INFORMATION SHOWN below:

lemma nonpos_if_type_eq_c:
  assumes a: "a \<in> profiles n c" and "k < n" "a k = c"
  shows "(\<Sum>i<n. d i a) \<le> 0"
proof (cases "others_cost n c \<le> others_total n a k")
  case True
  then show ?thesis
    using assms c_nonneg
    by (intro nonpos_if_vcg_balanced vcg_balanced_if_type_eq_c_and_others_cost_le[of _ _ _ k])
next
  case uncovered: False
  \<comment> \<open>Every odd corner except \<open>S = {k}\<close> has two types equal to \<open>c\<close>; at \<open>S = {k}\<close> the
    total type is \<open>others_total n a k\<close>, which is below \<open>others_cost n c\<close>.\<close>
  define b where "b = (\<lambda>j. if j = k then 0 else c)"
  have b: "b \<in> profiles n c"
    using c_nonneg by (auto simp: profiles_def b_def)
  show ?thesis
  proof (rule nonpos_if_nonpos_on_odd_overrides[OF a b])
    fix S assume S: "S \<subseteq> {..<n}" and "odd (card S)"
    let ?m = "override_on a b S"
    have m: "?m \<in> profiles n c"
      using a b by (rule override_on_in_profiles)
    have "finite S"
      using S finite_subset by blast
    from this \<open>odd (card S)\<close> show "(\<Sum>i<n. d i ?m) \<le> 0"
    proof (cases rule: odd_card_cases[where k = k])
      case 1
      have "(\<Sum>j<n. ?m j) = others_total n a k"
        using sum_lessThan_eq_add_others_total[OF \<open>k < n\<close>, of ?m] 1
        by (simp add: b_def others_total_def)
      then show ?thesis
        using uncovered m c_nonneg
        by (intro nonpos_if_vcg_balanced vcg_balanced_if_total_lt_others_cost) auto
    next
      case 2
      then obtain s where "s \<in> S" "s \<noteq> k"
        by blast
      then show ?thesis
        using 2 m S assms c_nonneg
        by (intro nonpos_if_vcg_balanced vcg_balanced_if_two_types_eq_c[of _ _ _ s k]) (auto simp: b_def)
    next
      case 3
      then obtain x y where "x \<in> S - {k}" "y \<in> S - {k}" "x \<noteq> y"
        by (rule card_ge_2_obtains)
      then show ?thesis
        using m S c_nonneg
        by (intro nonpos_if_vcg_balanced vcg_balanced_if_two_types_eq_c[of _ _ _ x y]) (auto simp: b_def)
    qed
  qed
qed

End of INFORMATION SHOWN.
INFORMATION SHOWN below:

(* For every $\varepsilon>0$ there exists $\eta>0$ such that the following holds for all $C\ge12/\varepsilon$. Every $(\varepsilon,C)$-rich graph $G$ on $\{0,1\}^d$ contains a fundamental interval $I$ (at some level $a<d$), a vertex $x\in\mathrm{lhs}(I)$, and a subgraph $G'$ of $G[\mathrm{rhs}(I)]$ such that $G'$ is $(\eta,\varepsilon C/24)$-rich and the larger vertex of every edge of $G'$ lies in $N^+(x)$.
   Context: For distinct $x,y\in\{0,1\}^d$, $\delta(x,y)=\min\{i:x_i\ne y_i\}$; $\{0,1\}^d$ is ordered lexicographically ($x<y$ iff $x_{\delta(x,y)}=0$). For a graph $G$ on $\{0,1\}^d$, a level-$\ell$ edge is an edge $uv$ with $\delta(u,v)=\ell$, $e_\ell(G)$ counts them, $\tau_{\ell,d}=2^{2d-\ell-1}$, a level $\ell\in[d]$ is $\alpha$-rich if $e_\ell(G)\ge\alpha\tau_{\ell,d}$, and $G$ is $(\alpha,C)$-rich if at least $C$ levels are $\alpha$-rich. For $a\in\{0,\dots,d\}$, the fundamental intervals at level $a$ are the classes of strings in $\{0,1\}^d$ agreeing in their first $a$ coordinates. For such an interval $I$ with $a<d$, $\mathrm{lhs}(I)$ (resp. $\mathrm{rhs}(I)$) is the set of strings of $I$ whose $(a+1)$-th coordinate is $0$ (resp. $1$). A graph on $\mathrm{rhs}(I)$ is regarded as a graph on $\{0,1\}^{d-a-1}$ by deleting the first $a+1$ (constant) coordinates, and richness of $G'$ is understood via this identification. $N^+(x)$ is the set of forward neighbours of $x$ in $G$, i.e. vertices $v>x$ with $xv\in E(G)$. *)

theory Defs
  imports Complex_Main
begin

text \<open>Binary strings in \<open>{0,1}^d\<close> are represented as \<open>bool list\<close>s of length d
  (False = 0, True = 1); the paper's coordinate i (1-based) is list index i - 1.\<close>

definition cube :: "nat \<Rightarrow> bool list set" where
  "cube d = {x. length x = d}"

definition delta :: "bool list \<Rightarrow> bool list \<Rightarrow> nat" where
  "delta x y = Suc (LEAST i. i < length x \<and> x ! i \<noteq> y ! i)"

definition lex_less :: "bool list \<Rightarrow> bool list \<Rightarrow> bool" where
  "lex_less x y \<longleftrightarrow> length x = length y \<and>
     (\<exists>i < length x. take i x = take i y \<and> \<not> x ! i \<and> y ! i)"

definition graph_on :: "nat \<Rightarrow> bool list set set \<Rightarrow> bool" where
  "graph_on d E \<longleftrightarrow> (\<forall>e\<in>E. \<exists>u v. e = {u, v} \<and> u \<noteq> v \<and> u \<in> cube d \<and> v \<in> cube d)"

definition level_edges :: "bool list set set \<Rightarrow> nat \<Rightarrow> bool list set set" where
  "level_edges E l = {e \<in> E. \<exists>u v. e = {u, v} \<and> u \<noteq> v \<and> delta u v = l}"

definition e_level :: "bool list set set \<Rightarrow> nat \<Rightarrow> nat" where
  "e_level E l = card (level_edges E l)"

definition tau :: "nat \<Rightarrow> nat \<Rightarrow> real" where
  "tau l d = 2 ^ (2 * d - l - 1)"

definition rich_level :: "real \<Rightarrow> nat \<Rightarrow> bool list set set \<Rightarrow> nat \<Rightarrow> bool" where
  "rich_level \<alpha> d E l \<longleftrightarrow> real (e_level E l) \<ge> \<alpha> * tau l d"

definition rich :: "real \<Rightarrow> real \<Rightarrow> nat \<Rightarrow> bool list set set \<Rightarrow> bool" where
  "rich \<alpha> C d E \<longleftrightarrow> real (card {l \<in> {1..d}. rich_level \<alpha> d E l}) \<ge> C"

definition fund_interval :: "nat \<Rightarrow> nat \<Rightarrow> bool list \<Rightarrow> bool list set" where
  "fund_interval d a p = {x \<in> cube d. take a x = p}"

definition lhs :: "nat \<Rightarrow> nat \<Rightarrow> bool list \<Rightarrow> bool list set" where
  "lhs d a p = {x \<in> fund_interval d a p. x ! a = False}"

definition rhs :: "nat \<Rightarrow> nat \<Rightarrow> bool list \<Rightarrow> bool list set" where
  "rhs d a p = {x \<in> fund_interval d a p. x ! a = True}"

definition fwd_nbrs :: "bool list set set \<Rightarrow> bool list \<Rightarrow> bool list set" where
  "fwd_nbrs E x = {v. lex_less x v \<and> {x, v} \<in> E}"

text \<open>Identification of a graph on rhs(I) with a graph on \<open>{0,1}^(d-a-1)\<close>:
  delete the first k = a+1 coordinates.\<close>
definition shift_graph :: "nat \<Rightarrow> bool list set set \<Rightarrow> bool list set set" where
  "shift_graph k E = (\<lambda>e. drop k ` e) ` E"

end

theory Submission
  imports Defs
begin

End of INFORMATION SHOWN.

▸ PROBLEM TO WORK ON
Looking at the entries above, how many lines contain "take"? State the number and nothing more.

▸ SOLUTION FOR THIS EXERCISE
2